La mobilisation des assistants familiaux de La Réunion se poursuit. Ce jeudi encore, ces professionnels de la protection de l’enfance ont maintenu leur mouvement de grève pour dénoncer leurs conditions de travail et réclamer une meilleure reconnaissance de leur métier. Une situation qui s’est invitée jusque dans l’hémicycle de l’Assemblée nationale, où le député réunionnais Frédéric Maillot a interpellé le gouvernement sur les difficultés rencontrées par ces familles d’accueil.

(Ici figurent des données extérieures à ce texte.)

text \<open>
  The two bounds on \<open>c\<close>: \<open>c \<le> \<eta>/2\<close> gives \<open>2w \<le> tD\<close>, and \<open>c \<le> \<eta>^2/e^5\<close> gives
  \<open>R q^2 = e^3 w/(\<eta>^2 n) \<le> e^{-2}\<close> for \<open>R = en/w\<close> and \<open>q = ew/(\<eta>n)\<close>.
\<close>

lemma union_bound_term_le:
  fixes n t w D :: nat and p \<eta> c :: real
  assumes \<eta>: "\<eta> > 0" and p: "0 \<le> p" and c: "c \<le> \<eta> / 2" "c \<le> \<eta>\<^sup>2 / exp 5"
    and D: "\<eta> * real n * p \<le> real D" "D \<ge> 1" and t: "t \<ge> 1"
    and w: "w \<le> n" "real w < c * real n" "real w < c * real t * real n * p"
  shows "real (n choose t) * real (n choose w) * (real (w choose D) * p ^ D) ^ t
           \<le> (real n * exp (- real D)) ^ t"
proof (cases "D \<le> w")
  case False
  then show ?thesis using t by (simp add: binomial_eq_0 zero_power)
next
  case True
  then have "w \<ge> 1" "n \<ge> 1" using D(2) w(1) by linarith+
  then have pos: "real w > 0" "real n > 0" by simp_all
  define R where "R = exp 1 * real n / real w"
  define q where "q = exp 1 * real w / (\<eta> * real n)"
  have "real w \<le> 1 * real n" using w(1) by simp
  also have "\<dots> \<le> exp 1 * real n" by (intro mult_right_mono) simp_all
  finally have "1 \<le> R" unfolding R_def using pos by simp
  have "0 \<le> q" unfolding q_def using \<eta> pos by simp
  have choose_w: "real (n choose w) \<le> R ^ w"
    unfolding R_def using binomial_le_exp_pow[OF \<open>w \<ge> 1\<close>] .
  have choose_D: "real (w choose D) * p ^ D \<le> q ^ D"
    unfolding q_def using binomial_mult_power_le[OF \<eta> p _ D] pos by simp
  have "2 * real w < real t * real D"
  proof -
    have "real w < (\<eta> / 2) * (real t * real n * p)"
      using w(3) c(1) p by (smt (verit) mult.assoc mult_right_mono of_nat_0_le_iff zero_le_mult_iff)
    also have "\<dots> \<le> real t * real D / 2"
      using mult_right_mono[OF D(1), of "real t"] by (simp add: mult_ac)
    finally show ?thesis by simp
  qed
  then have "2 * w \<le> t * D" by (simp flip: of_nat_mult)
  have "R * q\<^sup>2 = exp 1 ^ 3 * real w / (\<eta>\<^sup>2 * real n)"
    unfolding R_def q_def using pos \<eta> by (simp add: field_simps power2_eq_square power3_eq_cube)
  also have "\<dots> \<le> exp 1 ^ 3 * (\<eta>\<^sup>2 / exp 5 * real n) / (\<eta>\<^sup>2 * real n)"
    using w(2) mult_right_mono[OF c(2), of "real n"] pos \<eta>
    by (intro divide_right_mono mult_left_mono) simp_all
  also have "\<dots> = exp (-2)"
    using pos \<eta> by (simp add: exp_minus field_simps flip: exp_of_nat_mult exp_add)
  finally have "R * q\<^sup>2 \<le> exp (-2)" .
  have "real (n choose w) * (real (w choose D) * p ^ D) ^ t \<le> R ^ w * q ^ (t * D)"
    using choose_w choose_D p \<open>1 \<le> R\<close> by (simp add: mult.commute power_mult mult_mono power_mono)
  then have "(real (n choose w) * (real (w choose D) * p ^ D) ^ t)\<^sup>2 \<le> (R ^ w * q ^ (t * D))\<^sup>2"
    using p by (intro power_mono) simp_all
  also have "\<dots> \<le> exp (-2) ^ (t * D)"
    using power_mult_power_squared_le[OF \<open>1 \<le> R\<close> \<open>0 \<le> q\<close> \<open>R * q\<^sup>2 \<le> exp (-2)\<close> \<open>2 * w \<le> t * D\<close>] .
  also have "\<dots> = (exp (- real D) ^ t)\<^sup>2"
    by (simp add: mult.commute power_mult flip: exp_of_nat_mult)
  finally have "real (n choose w) * (real (w choose D) * p ^ D) ^ t \<le> exp (- real D) ^ t"
    by (rule power2_le_imp_le) simp
  moreover have "real (n choose t) \<le> real n ^ t"
    using binomial_le_pow[of t n] by (cases "t \<le> n") (simp_all add: binomial_eq_0 flip: of_nat_power)
  ultimately show ?thesis
    using p by (simp add: power_mult_distrib mult.assoc mult_mono)
qed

Prenant la parole devant les députés, l’élu a tenu à rappeler le rôle essentiel joué par les assistants familiaux auprès des enfants placés. « Ce sont ces femmes qui ouvrent leurs cœurs et leurs portes pour accueillir des enfants dont le parcours est bien souvent difficile », a-t-il souligné. Selon lui, ces professionnels sont aujourd’hui confrontés à une dégradation constante de leurs conditions d’exercice, avec des accueils qui dépasseraient parfois les capacités prévues par leurs agréments et une charge de travail qui s’exerce sans interruption, de jour comme de nuit.

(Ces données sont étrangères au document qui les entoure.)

(* The maps $\mathbf{W}_+:R_+\to\mathbb{R}^2$ and $\mathbf{W}_-:R_-\to\mathbb{R}^2$ given by $$\mathbf{W}_\pm(x,y)=\left(\frac{1+\omega_\pm}{1-\omega_\pm}\,x,\ \frac{|\omega_\pm|}{1+\omega_\pm}\,y\right),\qquad \omega_\pm=\omega_\pm(x,y),$$ are orientation preserving homeomorphisms onto their respective images (which are contained in $R$).
   Context: For $x>0$, $y\in\mathbb{R}$ let $r_1^2=4+x^2+4x^2y^2$, $\Delta=((x+2)^2+8x^2y^2)((x-2)^2+8x^2y^2)$ and $\omega_\pm(x,y)=\frac{x^2-4\pm\sqrt{\Delta}}{2r_1^2}$. Let $R=\{(x,y): x>0,\ 4-4y^2-x^2y^2-8x^2y^4\ge 0\}$, $R_+=R\cap((0,2]\times\mathbb{R})$, $R_-=R\cap([2,\infty)\times\mathbb{R})$. On $R_+$ one has $0\le\omega_+<1$ and on $R_-$ one has $-1<\omega_-\le 0$. *)

theory Defs
  imports "HOL-Analysis.Analysis"
begin

definition r1sq :: "real \<Rightarrow> real \<Rightarrow> real" where
  "r1sq x y = 4 + x^2 + 4 * x^2 * y^2"

definition Delta :: "real \<Rightarrow> real \<Rightarrow> real" where
  "Delta x y = ((x + 2)^2 + 8 * x^2 * y^2) * ((x - 2)^2 + 8 * x^2 * y^2)"

definition omega_plus :: "real \<Rightarrow> real \<Rightarrow> real" where
  "omega_plus x y = (x^2 - 4 + sqrt (Delta x y)) / (2 * r1sq x y)"

definition omega_minus :: "real \<Rightarrow> real \<Rightarrow> real" where
  "omega_minus x y = (x^2 - 4 - sqrt (Delta x y)) / (2 * r1sq x y)"

definition Rset :: "(real \<times> real) set" where
  "Rset = {(x, y). x > 0 \<and> 4 - 4 * y^2 - x^2 * y^2 - 8 * x^2 * y^4 \<ge> 0}"

definition Rplus :: "(real \<times> real) set" where
  "Rplus = Rset \<inter> ({0<..2} \<times> UNIV)"

definition Rminus :: "(real \<times> real) set" where
  "Rminus = Rset \<inter> ({2..} \<times> UNIV)"

definition Wmap :: "(real \<Rightarrow> real \<Rightarrow> real) \<Rightarrow> real \<times> real \<Rightarrow> real \<times> real" where
  "Wmap om p = (let x = fst p; y = snd p; w = om x y in
      ((1 + w) / (1 - w) * x, \<bar>w\<bar> / (1 + w) * y))"

definition W_plus :: "real \<times> real \<Rightarrow> real \<times> real" where
  "W_plus = Wmap omega_plus"

definition W_minus :: "real \<times> real \<Rightarrow> real \<times> real" where
  "W_minus = Wmap omega_minus"

definition jac_det :: "(real \<times> real \<Rightarrow> real \<times> real) \<Rightarrow> real" where
  "jac_det D = fst (D (1, 0)) * snd (D (0, 1)) - fst (D (0, 1)) * snd (D (1, 0))"

definition orientation_preserving_on ::
    "(real \<times> real) set \<Rightarrow> (real \<times> real \<Rightarrow> real \<times> real) \<Rightarrow> bool" where
  "orientation_preserving_on S f \<longleftrightarrow>
     (\<forall>p \<in> interior S. \<exists>D. (f has_derivative D) (at p) \<and> jac_det D \<ge> 0) \<and>
     (\<exists>p \<in> interior S. \<exists>D. (f has_derivative D) (at p) \<and> jac_det D > 0)"

end

theory Submission
  imports Defs
begin

(*
  Put tau = (1 - omega_+) / (1 + omega_+). It lies in (0, 1], it is a root of
  x^2 tau^2 - (4 + x^2 + 8 x^2 y^2) tau + 4 (whose discriminant is Delta), and
  W_+(x, y) = (x / tau, (1 - tau) y / 2). For (u, v) = W_+(x, y) the quadratic turns into
  32 u^2 v^2 = (1 - tau)^3 (4 / tau^3 - u^2), whose right-hand side is strictly decreasing in tau
  on R_+; so W_+(x, y) determines tau and then (x, y). On R_+ also tau >= 1/4, so x <= u <= 4 x:
  preimages of half-planes u > c lie in compact strips, which makes the inverse continuous.
  Implicit differentiation of the quadratic gives a Jacobian with the sign of
  (1 - tau) (4 - x^2 tau^2) >= 0.

  The involution (x, y) |-> (4 / x, x y / 2) of the half-plane x > 0 preserves R, exchanges R_+
  and R_-, and satisfies omega_-(x, y) = - omega_+(4 / x, x y / 2), so it conjugates W_+ into W_-.
  Its Jacobian is negative, hence the conjugate is again orientation preserving.
*)

section \<open>Homeomorphisms and Jacobians of plane maps\<close>

lemma homeomorphism_locally_proper:
  fixes f :: "'a::topological_space \<Rightarrow> 'b::t2_space"
  assumes cont: "continuous_on S f" and inj: "inj_on f S"
    and proper: "\<And>y. y \<in> f ` S \<Longrightarrow> \<exists>U K. open U \<and> y \<in> U \<and> compact K \<and> K \<subseteq> S \<and> S \<inter> f -` U \<subseteq> K"
  shows "\<exists>g. homeomorphism S (f ` S) f g"
proof -
  define g where "g = inv_into S f"
  have gf: "\<And>x. x \<in> S \<Longrightarrow> g (f x) = x"
    using inj by (simp add: g_def)
  have "continuous (at y within f ` S) g" if y: "y \<in> f ` S" for y
  proof -
    obtain U K where U: "open U" "y \<in> U" and K: "compact K" "K \<subseteq> S" "S \<inter> f -` U \<subseteq> K"
      using proper[OF y] by blast
    have "continuous_on (f ` K) g"
      using continuous_on_inv[OF continuous_on_subset[OF cont] K(1)] gf K(2) by blast
    moreover have "f ` S \<inter> U \<subseteq> f ` K"
      using K(3) by blast
    ultimately have "continuous (at y within f ` S \<inter> U) g"
      using y U(2) by (meson IntI continuous_on_eq_continuous_within continuous_on_subset)
    moreover have "at y within f ` S \<inter> U = at y within f ` S"
      by (rule at_within_nhd[OF U(2,1)]) auto
    ultimately show ?thesis
      by simp
  qed
  then have "homeomorphism S (f ` S) f g"
    using cont gf by (auto simp: homeomorphism_def continuous_on_eq_continuous_within g_def)
      (auto simp: image_iff f_inv_into_f inv_into_into)
  then show ?thesis
    by blast
qed

lemma homeomorphism_involution:
  assumes "continuous_on S f" "\<And>x. x \<in> S \<Longrightarrow> f x \<in> S" "\<And>x. x \<in> S \<Longrightarrow> f (f x) = x" "A \<subseteq> S"
  shows "homeomorphism A (f ` A) f f"
proof (rule homeomorphismI)
  show "continuous_on A f" "continuous_on (f ` A) f"
    using assms by (auto intro: continuous_on_subset)
  show "f ` A \<subseteq> f ` A" "f ` f ` A \<subseteq> A"
    using assms by (auto simp: image_iff)
qed (use assms in auto)

lemma jac_det_compose:
  assumes "linear f" "linear g"
  shows "jac_det (f \<circ> g) = jac_det f * jac_det g"
proof -
  define u v where "u = f (1, 0)" and "v = f (0, 1)"
  have f: "f (a, c) = (a * fst u + c * fst v, a * snd u + c * snd v)" for a c
  proof -
    have "(a, c) = a *\<^sub>R (1, 0) + c *\<^sub>R (0, 1)"
      by simp
    then have "f (a, c) = a *\<^sub>R u + c *\<^sub>R v"
      using linear_add[OF assms(1)] linear_scale[OF assms(1)] by (metis u_def v_def)
    then show ?thesis
      by (simp add: prod_eq_iff)
  qed
  obtain a b c d where "g (1, 0) = (a, c)" "g (0, 1) = (b, d)"
    by fastforce
  then show ?thesis
    unfolding jac_det_def comp_def by (simp add: f algebra_simps)
qed

section \<open>The root omega_plus\<close>

lemma r1sq_pos: "0 < r1sq x y"
  unfolding r1sq_def by (intro add_pos_nonneg) auto

lemma Delta_eq: "Delta x y = (x^2 - 4)^2 + 16 * x^2 * y^2 * r1sq x y"
  unfolding Delta_def r1sq_def by algebra

lemma quadratic_completed_square:
  "4 * r1sq x y * (r1sq x y * c^2 - (x^2 - 4) * c - 4 * x^2 * y^2)
     = (2 * r1sq x y * c - (x^2 - 4))^2 - Delta x y"
  unfolding Delta_eq by algebra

Frédéric Maillot a également dénoncé l’épuisement d’une profession qu’il juge insuffisamment reconnue et rémunérée. Le député estime que la logique actuelle privilégie les impératifs de gestion au détriment de la qualité de l’accompagnement proposé aux enfants confiés à l’aide sociale à l’enfance. Il a notamment alerté sur les conséquences que cette situation peut avoir sur les familles d’accueil elles-mêmes, évoquant des tensions familiales croissantes et un risque de découragement chez de nombreux assistants familiaux.

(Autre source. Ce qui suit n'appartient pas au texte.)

(* There is an indexed family that is PRT[O]-learnable but not PRT[T]-learnable.
   Context: An indexed family is a sequence $\mathcal F=(F_n)_{n\in\mathbb N}$ of subsets of $\mathbb N$ that is uniformly computably enumerable; $F\in\mathcal F$ means $F=F_n$ for some $n$, and $\mathrm{mi}_{\mathcal F}(F)$ is the least $n$ with $F_n=F$. An enumeration of a nonempty set $A$ is an infinite sequence of elements of $A$ in which every element of $A$ occurs; $f\restriction n$ is its initial segment of length $n$, and $\mathrm{content}(\sigma)$ is the set of entries of a finite string $\sigma$. A learner is a partial computable function from finite strings of naturals to naturals; hypothesis $h$ is interpreted as $F_h$. $M$ converges to a correct index on an enumeration $f$ of $F$ if there is $i$ with $M(f\restriction j)=M(f\restriction i)$ for all $j\ge i$ and $F_{M(f\restriction i)}=F$. $\mathcal F$ is PRT-learnable if there are a learner $M$ and a polynomial $p$ such that for every $F\in\mathcal F$ and every enumeration $f$ of $F$, $M$ converges to a correct index on $f$ in fewer than $p(\mathrm{mi}_{\mathcal F}(F))$ computation steps, with the number of oracle queries (if an oracle is used) also bounded by $p(\mathrm{mi}_{\mathcal F}(F))$. A teacher is a computable map $T$ on finite strings with $T(\sigma)$ a prefix of $T(\tau)$ whenever $\sigma$ is a prefix of $\tau$, and $\mathrm{content}(T(\sigma))\subseteq\mathrm{content}(\sigma)$. PRT[O]-learnable: some learner with a membership oracle for the target set PRT-learns $\mathcal F$. PRT[T]-learnable: there is a learner-teacher pair $(M,T)$ such that $M$, fed $T(f\restriction n)$ in place of $f\restriction n$, meets the PRT criterion for every enumeration $f$ of every member of $\mathcal F$, counting only the learner's computation. *)

theory Defs
  imports "HOL-Computational_Algebra.Polynomial" "HOL-Library.Sublist"
begin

L’élu réunionnais s’est également inquiété d’une baisse progressive du nombre de professionnels prêts à s’engager dans cette mission. Selon lui, le manque de soutien, d’écoute et d’accompagnement de la part des employeurs contribue à fragiliser tout le dispositif de protection de l’enfance. Il a par ailleurs affirmé que les assistants familiaux réunionnais seraient moins bien rémunérés que leurs homologues de l’Hexagone, une situation qu’il juge difficilement justifiable au regard des responsabilités assumées au quotidien.
Face à cette crise, Frédéric Maillot a appelé le gouvernement à intervenir auprès du Département de La Réunion, compétent en matière de protection de l’enfance. « Votre parole compte », a-t-il lancé à l’adresse du ministre, l’invitant à porter les revendications des assistants familiaux auprès de la collectivité. Alors que le mouvement social se poursuit sur l’île, les professionnels concernés attendent désormais des réponses concrètes sur leurs conditions de travail, leur rémunération et l’avenir de l’accueil familial à La Réunion.